When a nontrivial ConstraintType is given, the general constructor assumes the ParameterDistributionType is specified in the unconstrained space; the actual prior pdf is then the composition of the ParameterDistributionType's pdf with the transform_unconstrained_to_constrained transformation. We provide constrained_gaussian to define priors directly in the physical, constrained space.

Warning

It is up to the user to ensure any custom mappings transform_constrained_to_unconstrained and transform_unconstrained_to_constrained are inverses of each other.

The name

This is simply a String used to identify different parameters in multi-parameter situations, as in the methods below.

FunctionParameterDistributionType

Learning a function distribution is useful when one wishes to obtain a parametric representation of a function that is (relatively) agnostic of the underlying grid discretization. Most practical implementations involve posing a restrictive class of functions by truncation of a spectral decomposition. The function is then represented as a set of coefficients of these modes (known as degrees of freedom), rather than directly through the values at evaluation points.

As a subtype of ParameterDistributionType, we currently support one option for specifying prior distributions over functions:

  • The GaussianRandomFieldInterface type is initialized with a Gaussian Random Field object and the GRF package. Currently we support objects from GaussianRandomFields.jl with package GRFJL(). Gaussian random fields allow the definition of scalar function distributions defined over a uniform mesh on interval, rectangular, and hyper-rectangular domains.

As with other ParameterDistributions, a function distribution, is built from a name, a FunctionPameterDistributionType struct and a constraint, here only one, placed on the scalar output space of the function using a Constraint().

constraints

The transformation transform_unconstrained_to_constrained, will map from (unconstrained) degrees of freedom, to (constrained) evaluations of the function on a numerical grid. In particular, the transform_constrained_to_unconstrained is no longer the inverse of this map, it now simply maps from constrained evaluations to unconstrained evaluations on the grid.

We provide an example construction here.

ParameterDistribution constructor

The Recommended constructor, constrained_gaussian(), is described above.
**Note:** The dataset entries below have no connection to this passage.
(* Let $G$ be an abelian group of odd order and suppose there exists a Heffter space over $G$ with $r$ parallel classes which is a linear space. Then for every $g\in G$, the order of $g$ divides $r-1$.
   Context: A half-set of an abelian group $G$ of odd order $2v+1\ge7$ is a subset $V\subseteq G\setminus\{0\}$ containing exactly one element of each pair $\{g,-g\}$, $g\ne0$. A Heffter system on $V$ with block size $k$ is a partition of $V$ into blocks of size $k$, each summing to $0$ in $G$. A Heffter space over $G$ is a partial linear space (any two distinct points in at most one block) with point set a half-set $V$ of $G$, together with a resolution (partition of its blocks into parallel classes, each partitioning $V$) in which every parallel class is a Heffter system on $V$. It is a linear space if any two distinct points lie in exactly one block. Its degree is the number of parallel classes. *)

theory Defs
  imports Main "HOL-Library.Disjoint_Sets"
begin

text \<open>The abelian group G is modelled as a finite type of class ab_group_add.\<close>

definition add_order :: "'a::ab_group_add \<Rightarrow> nat" where
  "add_order g = (LEAST n. 0 < n \<and> (\<Sum>i<n. g) = 0)"

definition half_set :: "'a::ab_group_add set \<Rightarrow> bool" where
  "half_set V \<longleftrightarrow> V \<subseteq> UNIV - {0} \<and> (\<forall>g. g \<noteq> 0 \<longrightarrow> (g \<in> V \<longleftrightarrow> - g \<notin> V))"

definition heffter_system :: "'a::ab_group_add set \<Rightarrow> nat \<Rightarrow> 'a set set \<Rightarrow> bool" where
  "heffter_system V k P \<longleftrightarrow> partition_on V P \<and> (\<forall>B\<in>P. card B = k \<and> sum id B = 0)"

text \<open>Heffter space over G with point set V, block size k, given by its resolution R
  (a set of parallel classes; the blocks are the union of the classes).\<close>
definition heffter_space :: "'a::ab_group_add set \<Rightarrow> nat \<Rightarrow> 'a set set set \<Rightarrow> bool" where
  "heffter_space V k R \<longleftrightarrow>
     half_set V \<and>
     disjoint R \<and>
     (\<forall>P\<in>R. heffter_system V k P) \<and>
     (\<forall>x y. x \<noteq> y \<longrightarrow> card {B \<in> \<Union>R. x \<in> B \<and> y \<in> B} \<le> 1)"

definition is_linear_space :: "'a set \<Rightarrow> 'a set set \<Rightarrow> bool" where
  "is_linear_space V Bs \<longleftrightarrow> (\<forall>x\<in>V. \<forall>y\<in>V. x \<noteq> y \<longrightarrow> (\<exists>!B. B \<in> Bs \<and> x \<in> B \<and> y \<in> B))"

end

theory Submission
  imports Defs
begin

text \<open>Fix a point x. Its pencil, the set of blocks through x, contains exactly one block of
  each parallel class, and, the space being linear, the blocks of the pencil with x removed
  partition V - {x}. Adding up the zero block sums over the pencil therefore gives
  r x + \<Sigma>(V - {x}) = 0, where r is the number of classes. Since one parallel class alone
  shows \<Sigma>V = 0, this becomes r x - x = 0, i.e. (r - 1) x = 0. Every g \<noteq> 0 of G satisfies
  g \<in> V or -g \<in> V, hence (r - 1) g = 0 for all g.\<close>

lemma sum_lessThan_const_add:
  "(\<Sum>i<m + (n::nat). g) = (\<Sum>i<m. g) + (\<Sum>i<n. g :: 'a::comm_monoid_add)"
  by (induction n) (simp_all add: add_ac)

lemma sum_lessThan_const_mult_eq_0:
  "(\<Sum>i<n. g) = (0 :: 'a::comm_monoid_add) \<Longrightarrow> (\<Sum>i<(q::nat) * n. g) = 0"
  by (induction q) (simp_all add: sum_lessThan_const_add)

lemma sum_const_eq_sum_lessThan_card:
  "(\<Sum>a\<in>A. c) = (\<Sum>i<card A. c :: 'a::comm_monoid_add)"
  by (induction A rule: infinite_finite_induct) (simp_all add: add_ac)

lemma add_order_dvd:
  fixes g :: "'a::ab_group_add"
  assumes "(\<Sum>i<n. g) = 0"
  shows "add_order g dvd n"
proof (cases "n = 0")
  case False
  let ?P = "\<lambda>m. 0 < m \<and> (\<Sum>i<m. g) = 0"
  have "?P (add_order g)"
    unfolding add_order_def by (rule LeastI[of ?P n]) (use False assms in simp)
  then have pos: "0 < add_order g" and annihilates: "(\<Sum>i<add_order g. g) = 0"
    by auto
  have "(\<Sum>i<n. g) = (\<Sum>i<n div add_order g * add_order g. g) + (\<Sum>i<n mod add_order g. g)"
    by (metis sum_lessThan_const_add div_mult_mod_eq)
  with assms annihilates have "(\<Sum>i<n mod add_order g. g) = 0"
    by (simp add: sum_lessThan_const_mult_eq_0)
  moreover have "\<not> ?P (n mod add_order g)"
    using pos mod_less_divisor not_less_Least unfolding add_order_def by blast
  ultimately have "n mod add_order g = 0"
    by simp
  then show ?thesis
    by (rule mod_0_imp_dvd)
qed simp

lemma partition_on_block_containing:
  assumes "partition_on V P" "x \<in> V"
  obtains B where "{B \<in> P. x \<in> B} = {B}"
proof -
  obtain B where "B \<in> P" "x \<in> B"
    using assms partition_onD1 by blast
  moreover have "C = B" if "C \<in> P" "x \<in> C" for C
    using assms(1) \<open>B \<in> P\<close> \<open>x \<in> B\<close> that unfolding partition_on_def disjoint_def by blast
  ultimately have "{B \<in> P. x \<in> B} = {B}"
    by blast
  then show thesis
    by (rule that)
qed

lemma card_pencil_resolution:
  assumes "finite V" "disjoint R" "\<forall>P\<in>R. partition_on V P" "x \<in> V"
  shows "card {B \<in> \<Union>R. x \<in> B} = card R"
proof -
  have "finite R"
    by (rule finite_subset[of _ "Pow (Pow V)"]) (use assms(1,3) in \<open>auto dest: partition_onD1\<close>)
  have card_block_through_x: "card {B \<in> P. x \<in> B} = 1" if P: "P \<in> R" for P
  proof -
    obtain B where block: "{B \<in> P. x \<in> B} = {B}"
      by (rule partition_on_block_containing[OF bspec[OF assms(3) P] assms(4)])
    show ?thesis
      unfolding block by simp
  qed
  have "card {B \<in> \<Union>R. x \<in> B} = card (\<Union>P\<in>R. {B \<in> P. x \<in> B})"
    by (rule arg_cong[where f = card]) blast
  also have "\<dots> = (\<Sum>P\<in>R. card {B \<in> P. x \<in> B})"
  proof (rule card_UN_disjoint)
    show "\<forall>P\<in>R. finite {B \<in> P. x \<in> B}"
      using card_block_through_x by (simp add: card_ge_0_finite)
    show "\<forall>P\<in>R. \<forall>Q\<in>R. P \<noteq> Q \<longrightarrow> {B \<in> P. x \<in> B} \<inter> {B \<in> Q. x \<in> B} = {}"
      using assms(2) unfolding disjoint_def by blast
  qed fact
  also have "\<dots> = (\<Sum>P\<in>R. 1)"
    using card_block_through_x by (rule sum.cong[OF refl])
  finally show ?thesis
    by simp
qed

lemma linear_space_pencil_sum:
  fixes f :: "'a \<Rightarrow> 'b::comm_monoid_add"
  assumes "is_linear_space V Bs" "\<Union>Bs \<subseteq> V" "finite V" "x \<in> V"
  shows "(\<Sum>B\<in>{B \<in> Bs. x \<in> B}. sum f (B - {x})) = sum f (V - {x})"
proof -
  let ?pencil = "{B \<in> Bs. x \<in> B}"
  have line: "\<exists>!B. B \<in> Bs \<and> x \<in> B \<and> y \<in> B" if "y \<in> V - {x}" for y
    using assms(1,4) that unfolding is_linear_space_def by blast
  have "finite ?pencil"
    by (rule finite_subset[of _ "Pow V"]) (use assms(2,3) in auto)
  moreover have "\<forall>B\<in>?pencil. finite (B - {x})"
    using assms(2) by (blast intro: rev_finite_subset[OF assms(3)])
  moreover have "\<forall>B\<in>?pencil. \<forall>C\<in>?pencil. B \<noteq> C \<longrightarrow> (B - {x}) \<inter> (C - {x}) = {}"
  proof (intro ballI impI)
    fix B C
    assume BC: "B \<in> ?pencil" "C \<in> ?pencil" "B \<noteq> C"
    show "(B - {x}) \<inter> (C - {x}) = {}"
    proof (rule ccontr)
      assume "(B - {x}) \<inter> (C - {x}) \<noteq> {}"
      then obtain y where y: "y \<in> B" "y \<in> C" "y \<in> V - {x}"
        using BC(1) assms(2) by blast
      show False
        using line[OF y(3)] y(1,2) BC by blast
    qed
  qed
  ultimately have "sum f (\<Union>B\<in>?pencil. B - {x}) = (\<Sum>B\<in>?pencil. sum f (B - {x}))"
    by (rule sum.UNION_disjoint)
  moreover have "V - {x} \<subseteq> (\<Union>B\<in>?pencil. B - {x})"
  proof
    fix y
    assume "y \<in> V - {x}"
    then obtain B where "B \<in> Bs" "x \<in> B" "y \<in> B"
      using line[OF \<open>y \<in> V - {x}\<close>] by blast
    with \<open>y \<in> V - {x}\<close> show "y \<in> (\<Union>B\<in>?pencil. B - {x})"
      by blast
  qed
  then have "(\<Union>B\<in>?pencil. B - {x}) = V - {x}"
    using assms(2) by blast
  ultimately show ?thesis
    by simp
qed

lemma heffter_system_sum_eq_0:
  assumes "finite V" "heffter_system V k P"
  shows "sum id V = 0"
proof -
  have "sum id V = (\<Sum>B\<in>P. sum id B)"
    using sum.partition[OF assms(1)] assms(2) unfolding heffter_system_def by blast
  also have "\<dots> = 0"
    using assms(2) unfolding heffter_system_def by (intro sum.neutral) blast
  finally show ?thesis .
qed

lemma heffter_linear_space_point_annihilated:
  assumes "finite V" "disjoint R" "\<forall>P\<in>R. heffter_system V k P" "is_linear_space V (\<Union>R)"
    and "x \<in> V"
  shows "(\<Sum>i<card R - 1. x) = 0"
proof (cases "card R")
  case (Suc r)
  then obtain P where "P \<in> R"
    by fastforce
  have partitions: "\<forall>P\<in>R. partition_on V P" and zero_sum: "\<forall>B\<in>\<Union>R. sum id B = 0"
    using assms(3) unfolding heffter_system_def by auto
  then have blocks_in_V: "\<Union>(\<Union>R) \<subseteq> V"
    by (auto dest: partition_onD1)
  have "sum id V = 0"
    using heffter_system_sum_eq_0[OF assms(1)] assms(3) \<open>P \<in> R\<close> by blast
  then have sum_V_minus_x: "sum id (V - {x}) = - x"
    using assms(1,5) by (simp add: sum.remove eq_neg_iff_add_eq_0 add.commute)
  let ?pencil = "{B \<in> \<Union>R. x \<in> B}"
  have "0 = (\<Sum>B\<in>?pencil. sum id B)"
    using zero_sum by (intro sum.neutral[symmetric]) blast
  also have "\<dots> = (\<Sum>B\<in>?pencil. x + sum id (B - {x}))"
  proof (rule sum.cong)
    fix B
    assume "B \<in> ?pencil"
    then have "finite B" "x \<in> B"
      using blocks_in_V finite_subset[OF _ assms(1)] by blast+
    then show "sum id B = x + sum id (B - {x})"
      by (simp add: sum.remove)
  qed simp
  also have "\<dots> = (\<Sum>B\<in>?pencil. x) + sum id (V - {x})"
    by (simp only: sum.distrib linear_space_pencil_sum[OF assms(4) blocks_in_V assms(1,5)])
  also have "(\<Sum>B\<in>?pencil. x) = (\<Sum>i<card R. x)"
    by (rule sum_const_eq_sum_lessThan_card[where A = ?pencil and c = x,
          unfolded card_pencil_resolution[OF assms(1,2) partitions assms(5)]])
  finally have "0 = (\<Sum>i<card R. x) + - x"
    unfolding sum_V_minus_x .
  then show ?thesis
    using Suc by simp
qed simp

lemma half_set_sum_lessThan_const_eq_0:
  fixes V :: "'a::ab_group_add set" and g :: 'a
  assumes "half_set V" "\<forall>x\<in>V. (\<Sum>i<n. x) = 0"
  shows "(\<Sum>i<n. g) = 0"
proof (cases "g = 0")
  case False
  then have "g \<in> V \<or> - g \<in> V"
    using assms(1) unfolding half_set_def by blast
  then show ?thesis
    using assms(2) by (auto simp: sum_negf)
qed simp

theorem proposition2p1:
  fixes V :: "'a::{ab_group_add, finite} set"
    and R :: "'a set set set"
    and k :: nat
  assumes "odd (card (UNIV :: 'a set))"
    and "card (UNIV :: 'a set) \<ge> 7"
    and "heffter_space V k R"
    and "is_linear_space V (\<Union>R)"
  shows "\<forall>g::'a. add_order g dvd (card R - 1)"
proof
  fix g :: 'a
  have "half_set V" "disjoint R" "\<forall>P\<in>R. heffter_system V k P"
    using assms(3) unfolding heffter_space_def by auto
  then have "\<forall>x\<in>V. (\<Sum>i<card R - 1. x) = 0"
    using heffter_linear_space_point_annihilated[OF finite _ _ assms(4)] by blast
  then have "(\<Sum>i<card R - 1. g) = 0"
    using \<open>half_set V\<close> by (rule half_set_sum_lessThan_const_eq_0[rotated])
  then show "add_order g dvd (card R - 1)"
    by (rule add_order_dvd)
qed

end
For more general cases in which the prior needs to be specified in more detail, a ParameterDistribution may be constructed "manually" from its component objects:

using EnsembleKalmanProcesses.ParameterDistributions # for `ParameterDistribution`, `combine_distributions`
prior_1 = ParameterDistribution(distribution_1, constraint_1, name_1)
prior_2 = ParameterDistribution(distribution_2, constraint_2, name_2)
prior = combine_distributions( [prior_1, prior_2])
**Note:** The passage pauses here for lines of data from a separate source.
theorem S_eq_frakB:
  assumes A: "A \<in> S" and first: "tcoef d A 1 = ev sP * ev u"
    and last: "tcoef d A (1 - int n) = ev sM * ev v" and inverse: "p dvd \<gamma> * v - 1"
  shows "S = frakB n d M p sP sM (u * \<gamma>)"
proof -
  interpret frakB_algebra n d M p sP sM "p div (sP * sM)" "u * \<gamma>"
    using s_plus_times_s_minus_dvd_p by unfold_locales simp
  obtain a where a: "A = toeplitz a" using A S_subset_T T_obtain_toeplitz by blast
  have a_first: "p dvd a 1 - sP * u" and a_last: "p dvd a (1 - int n) - sM * v"
    using first last n_ge_2 by (simp_all add: a tcoef_toeplitz ev_mult ev_eq_iff_dvd[symmetric])
  have "S \<subseteq> frakB n d M p sP sM (u * \<gamma>)"
  proof
    fix B assume B: "B \<in> S"
    then obtain b where b: "B = toeplitz b" "corner_divisible sP sM b" by (rule S_obtain_symbol)
    have "toeplitz b * toeplitz a \<in> T" using S_mult[OF B A] S_subset_T a b by auto
    then have "frakB_symbol b"
      using b(2) a_first a_last inverse by (rule frakB_symbol_if_mult_in_T) simp
    then show "B \<in> frakB n d M p sP sM (u * \<gamma>)" unfolding frakB_eq b by blast
  qed
  moreover have "frakB n d M p sP sM (u * \<gamma>) \<subseteq> T" unfolding frakB_def by blast
  ultimately show ?thesis using S_maximal[OF subalgebra_frakB] by blast
qed

end

theorem corollary7p4:
  fixes n d :: nat and M :: "complex mat" and p :: "complex poly" and S :: "complex mat set"
    and A :: "complex mat" and a_t :: "int \<Rightarrow> complex poly" and \<gamma>1 :: "complex poly"
  assumes "n \<ge> 2" and "d \<ge> 1"
    and "M \<in> carrier_mat d d" and "nonderogatory M" and "is_min_poly M p"
    and "generic_maximal_subalgebra n d M S"
    and "A \<in> S"
    and "\<forall>j. 1 - int n \<le> j \<and> j \<le> int n - 1 \<and> j \<noteq> 0 \<longrightarrow> coprime (a_t j) p"
    and "\<forall>j. 1 \<le> j \<and> j \<le> int n - 1 \<longrightarrow>
           tcoef d A j = poly_mat (s_plus n d M p S) M * poly_mat (a_t j) M"
    and "\<forall>j. 1 - int n \<le> j \<and> j \<le> -1 \<longrightarrow>
           tcoef d A j = poly_mat (s_minus n d M p S) M * poly_mat (a_t j) M"
    and "p dvd \<gamma>1 * a_t (1 - int n) - 1"
  shows "S = frakB n d M p (s_plus n d M p S) (s_minus n d M p S) (a_t 1 * \<gamma>1)"
proof -
  interpret maximal_toeplitz_subalgebra n d M p S
    using assms(1-3,5,6) by unfold_locales (auto simp: generic_maximal_subalgebra_def)
  show ?thesis
    using assms(1,7,9,10,11) by (intro S_eq_frakB) auto
qed

end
Arguments may also be provided as a Dict:

using EnsembleKalmanProcesses.ParameterDistributions # for `ParameterDistribution`
dict_1 = Dict("distribution" => distribution_1, "constraint" => constraint_1, "name" => name_1)
dict_2 = Dict("distribution" => distribution_2, "constraint" => constraint_2, "name" => name_2)
prior = ParameterDistribution( [dict_1, dict_2] )

We provide Additional Examples below; see also examples in the package examples/ and unit tests found in test/ParameterDistributions/runtests.jl.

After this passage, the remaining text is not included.